Enhancing ADO Performance

Enhancing ADO Performance

Post by Dave » Fri, 25 Jun 2004 03:33:56


We are currently exploring the retrieval of data for our software from
database sources by composing some small test applications (D7 Pro). We
currently have applications constructed to retrieve data from ODBC
tables using the native BDE connection and using the ADO connection. We
worked with both because of the installation issues when using the BDE
approach, such as the bundled BDE dll and potential registry access for
BDE purposes during the application installation. It seems that ADO
would avoid many of these BDE installation issues, but also seems to be
somewhat slower in its data retrieval than the BDE application we've
written to retrieve the same data from the same source.

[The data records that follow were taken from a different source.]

lemma automaton_score_summary:
  assumes "\<And>S c. c \<notin> S \<Longrightarrow> D (\<sigma> S) c = \<sigma> (insert c S)"
  shows "distinct p \<Longrightarrow> set p \<inter> S = {} \<Longrightarrow> automaton_score G D (\<sigma> S) p
    = card {c \<in> set p. G (\<sigma> (S \<union> set (takeWhile (\<lambda>x. x \<noteq> c) p))) = c}"
proof (induction p arbitrary: S)
  case (Cons a p)
  then have "a \<notin> S" "a \<notin> set p" by auto
  have seen_a: "S \<union> set (takeWhile (\<lambda>x. x \<noteq> a) (a # p)) = S" by simp
  have seen_p: "S \<union> set (takeWhile (\<lambda>x. x \<noteq> c) (a # p))
      = insert a S \<union> set (takeWhile (\<lambda>x. x \<noteq> c) p)" if "c \<in> set p" for c
    using that \<open>a \<notin> set p\<close> by auto
  have "{c \<in> set (a # p). G (\<sigma> (S \<union> set (takeWhile (\<lambda>x. x \<noteq> c) (a # p)))) = c}
      = (if G (\<sigma> S) = a then {a} else {})
        \<union> {c \<in> set p. G (\<sigma> (insert a S \<union> set (takeWhile (\<lambda>x. x \<noteq> c) p))) = c}"
    using \<open>a \<notin> set p\<close> seen_a seen_p by (auto simp del: takeWhile.simps Un_insert_left)
  moreover have "automaton_score G D (\<sigma> S) (a # p)
      = card (if G (\<sigma> S) = a then {a} else {})
        + card {c \<in> set p. G (\<sigma> (insert a S \<union> set (takeWhile (\<lambda>x. x \<noteq> c) p))) = c}"
    using Cons assms[OF \<open>a \<notin> S\<close>] by auto
  ultimately show ?case using \<open>a \<notin> set p\<close> by (simp add: card_Un_disjoint)
qed simp

definition last_in :: "'a set \<Rightarrow> 'a list \<Rightarrow> 'a" where
  "last_in U p = last (filter (\<lambda>x. x \<in> U) p)"
definition outer :: "real^'n \<Rightarrow> real^'n^'n" where
  "outer x = (\<chi> i j. x $ i * x $ j)"

primrec chain_dist :: "'s measure \<Rightarrow> ('s \<Rightarrow> 's measure) \<Rightarrow> nat \<Rightarrow> 's measure" where
  "chain_dist xi0 K 0 = xi0"
| "chain_dist xi0 K (Suc t) = chain_dist xi0 K t \<bind> K"

end

theory Submission
  imports Defs
begin

text \<open>
  Let \<open>\<Sigma>\<close> and \<open>\<Sigma>'\<close> be the second moments of \<open>\<psi>\<close> at times \<open>t\<close> and \<open>t + 1\<close>. The hypothesis on
  \<open>M\<close> says that \<open>\<psi>(s) \<bullet> M y\<close> is the mean of \<open>\<psi>(s') \<bullet> y\<close> over one transition from \<open>s\<close>, so
  Jensen's inequality, integrated over the law of \<open>s\<^sub>t\<close>, gives
  \<open>(M y) \<bullet> \<Sigma> (M y) \<le> y \<bullet> \<Sigma>' y\<close> for every \<open>y\<close>. As \<open>x \<bullet> A x = \<parallel>A\<^sup>1\<^sup>/\<^sup>2 x\<parallel>\<^sup>2\<close>, substituting
  \<open>y = \<Sigma>'\<^sup>-\<^sup>1\<^sup>/\<^sup>2 x\<close> turns this into \<open>\<parallel>\<Sigma>\<^sup>1\<^sup>/\<^sup>2 M \<Sigma>'\<^sup>-\<^sup>1\<^sup>/\<^sup>2 x\<parallel> \<le> \<parallel>x\<parallel>\<close>. The psd square roots are
  built from an orthonormal eigenbasis, obtained by maximising the Rayleigh quotient on
  invariant subspaces.
\<close>

section \<open>Symmetric matrices and their eigenvectors\<close>

lemma symmetric_matrix_iff_self_adjoint:
  fixes A :: "real^'n^'n"
  shows "transpose A = A \<longleftrightarrow> (\<forall>x y. (A *v x) \<bullet> y = x \<bullet> (A *v y))"
proof
  assume "transpose A = A"
  then show "\<forall>x y. (A *v x) \<bullet> y = x \<bullet> (A *v y)"
    by (metis dot_lmul_matrix vector_transpose_matrix)
next
  assume adj: "\<forall>x y. (A *v x) \<bullet> y = x \<bullet> (A *v y)"
  have "transpose A *v x = A *v x" for x
  proof -
    have "\<forall>y. (transpose A *v x - A *v x) \<bullet> y = 0"
      using adj by (simp add: inner_diff_left transpose_matrix_vector dot_lmul_matrix)
    then show ?thesis by (metis inner_eq_zero_iff eq_iff_diff_eq_0)
  qed
  then show "transpose A = A" by (simp add: matrix_eq)
qed

lemma symmetric_matrix_self_adjoint:
  fixes A :: "real^'n^'n"
  shows "transpose A = A \<Longrightarrow> (A *v x) \<bullet> y = x \<bullet> (A *v y)"
  by (simp add: symmetric_matrix_iff_self_adjoint)

lemma linear_coefficient_zero_if_quadratic_nonpos:
  fixes a d :: real
  assumes "0 \<le> a" and nonpos: "\<And>e. 2 * e * a + e\<^sup>2 * d \<le> 0"
  shows "a = 0"
proof (rule ccontr)
  assume "a \<noteq> 0"
  with \<open>0 \<le> a\<close> have "a > 0" by simp
  define e where "e = a / (\<bar>d\<bar> + 1)"
  have "e > 0" "e * \<bar>d\<bar> < a"
    using \<open>a > 0\<close> by (auto simp: e_def field_simps)
  have "2 * e * a \<le> e * (e * \<bar>d\<bar>)"
    using nonpos[of e] mult_left_mono[of "-d" "\<bar>d\<bar>" "e\<^sup>2"]
    by (simp add: power2_eq_square algebra_simps) linarith
  with \<open>e > 0\<close> have "2 * a \<le> e * \<bar>d\<bar>" by simp
  with \<open>e * \<bar>d\<bar> < a\<close> \<open>a > 0\<close> show False by simp
qed

text \<open>Perturbing \<open>v\<close> in the direction of the residual \<open>w = A v - \<lambda> v\<close> would increase the
  Rayleigh quotient to first order by \<open>\<parallel>w\<parallel>\<^sup>2\<close>.\<close>

lemma rayleigh_maximiser_is_eigenvector:
  fixes A :: "real^'n^'n"
  assumes sym: "transpose A = A" and S: "subspace S"
    and inv: "\<And>x. x \<in> S \<Longrightarrow> A *v x \<in> S"
    and vS: "v \<in> S" and vv: "v \<bullet> v = 1"
    and max: "\<And>x. x \<in> S \<Longrightarrow> x \<bullet> (A *v x) \<le> (v \<bullet> (A *v v)) * (x \<bullet> x)"
  shows "A *v v = (v \<bullet> (A *v v)) *\<^sub>R v"
proof -
  define l where "l = v \<bullet> (A *v v)"
  define w where "w = A *v v - l *\<^sub>R v"
  have wS: "w \<in> S" unfolding w_def using inv vS S by (simp add: subspace_diff subspace_scale)
  have wv: "w \<bullet> v = 0" unfolding w_def l_def using vv
    by (simp add: inner_diff_left inner_commute[of "A *v v" v])
  have wAv: "w \<bullet> (A *v v) = w \<bullet> w"
    using wv by (simp add: w_def inner_diff_left inner_diff_right)
  have Awv: "(A *v w) \<bullet> v = w \<bullet> (A *v v)"
    using sym by (rule symmetric_matrix_self_adjoint)
  have "2 * e * (w \<bullet> w) + e\<^sup>2 * (w \<bullet> (A *v w) - l * (w \<bullet> w)) \<le> 0" for e
  proof -
    have "v + e *\<^sub>R w \<in> S" using vS wS S by (simp add: subspace_add subspace_scale)
    from max[OF this]
    have "l + 2 * e * (w \<bullet> w) + e\<^sup>2 * (w \<bullet> (A *v w)) \<le> l * (1 + e\<^sup>2 * (w \<bullet> w))"
      using vv wv wAv Awv
      by (simp add: matrix_vector_right_distrib matrix_vector_mult_scaleR inner_add_left
          inner_add_right l_def power2_eq_square algebra_simps inner_commute)
    then show ?thesis by (simp add: algebra_simps)
  qed
  then have "w \<bullet> w = 0"
    by (intro linear_coefficient_zero_if_quadratic_nonpos) simp_all
  then show ?thesis unfolding w_def l_def by simp
qed

lemma symmetric_matrix_eigenvector_in_invariant_subspace:
  fixes A :: "real^'n^'n"
  assumes sym: "transpose A = A" and S: "subspace S"
    and inv: "\<And>x. x \<in> S \<Longrightarrow> A *v x \<in> S" and ne: "S \<noteq> {0}"
  obtains v where "v \<in> S" "norm v = 1" "A *v v = (v \<bullet> (A *v v)) *\<^sub>R v"
proof -
  define K where "K = S \<inter> sphere 0 1"
  have "compact K"
    unfolding K_def using compact_Int_closed[OF compact_sphere closed_subspace[OF S]]
    by (simp add: Int_commute)
  obtain x0 where "x0 \<in> S" "x0 \<noteq> 0" using ne S subspace_0 by blast
  then have "x0 /\<^sub>R norm x0 \<in> K" unfolding K_def using S by (simp add: subspace_scale)
  then have "K \<noteq> {}" by blast
  have "continuous_on K (\<lambda>x. x \<bullet> (A *v x))"
    by (intro continuous_intros matrix_vector_mult_linear_continuous_on)
  from continuous_attains_sup[OF \<open>compact K\<close> \<open>K \<noteq> {}\<close> this]
  obtain v where v: "v \<in> K" and vmax: "\<And>y. y \<in> K \<Longrightarrow> y \<bullet> (A *v y) \<le> v \<bullet> (A *v v)"
    by blast
  have vS: "v \<in> S" and nv: "norm v = 1" using v unfolding K_def by auto
  have "x \<bullet> (A *v x) \<le> (v \<bullet> (A *v v)) * (x \<bullet> x)" if "x \<in> S" for x
  proof (cases "x = 0")
    case False
    then have "x /\<^sub>R norm x \<in> K" unfolding K_def using that S by (simp add: subspace_scale)
    from vmax[OF this] have "x \<bullet> (A *v x) / (norm x)\<^sup>2 \<le> v \<bullet> (A *v v)"
      by (simp add: matrix_vector_mult_scaleR power2_eq_square divide_simps)
    then show ?thesis using False by (simp add: divide_simps power2_norm_eq_inner mult.commute)
  qed simp
  with rayleigh_maximiser_is_eigenvector[OF sym S inv vS] nv show thesis
    by (intro that[OF vS nv]) (simp add: norm_eq_1)
qed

Does anybody have any suggestions on how to improve the performance of the
ADO connection?

Thanks
Dave Savageau
 
 
 

Enhancing ADO Performance

Post by Del Murra » Fri, 25 Jun 2004 08:03:28

2 big warnings on performance ...

1. dont use tables, unlike the BDE, ADO reads the whole table when you open
it. ..... bummer .
2. Disable controls for datasets until you need to have the data apear in
the control. There is a quirk in movement technique thru the dataset the is
substantially improved if you disablecontrols , especially for datasets that
dont use data aware objects suchs as tdbEdit, tdbGrid .. etc.
3. Use tADODataset , tADOQuery is for backward compatiblity,
4. Be careful of locktypes ... not super critical, just be mindful
5. Dont read data that you dont use
6. Indexes and proper use of the DB are very important.

HTH

 
 
 

Enhancing ADO Performance

Post by Arnie Maue » Fri, 25 Jun 2004 23:23:51


We went through the same thing when porting from the BDE to ADO.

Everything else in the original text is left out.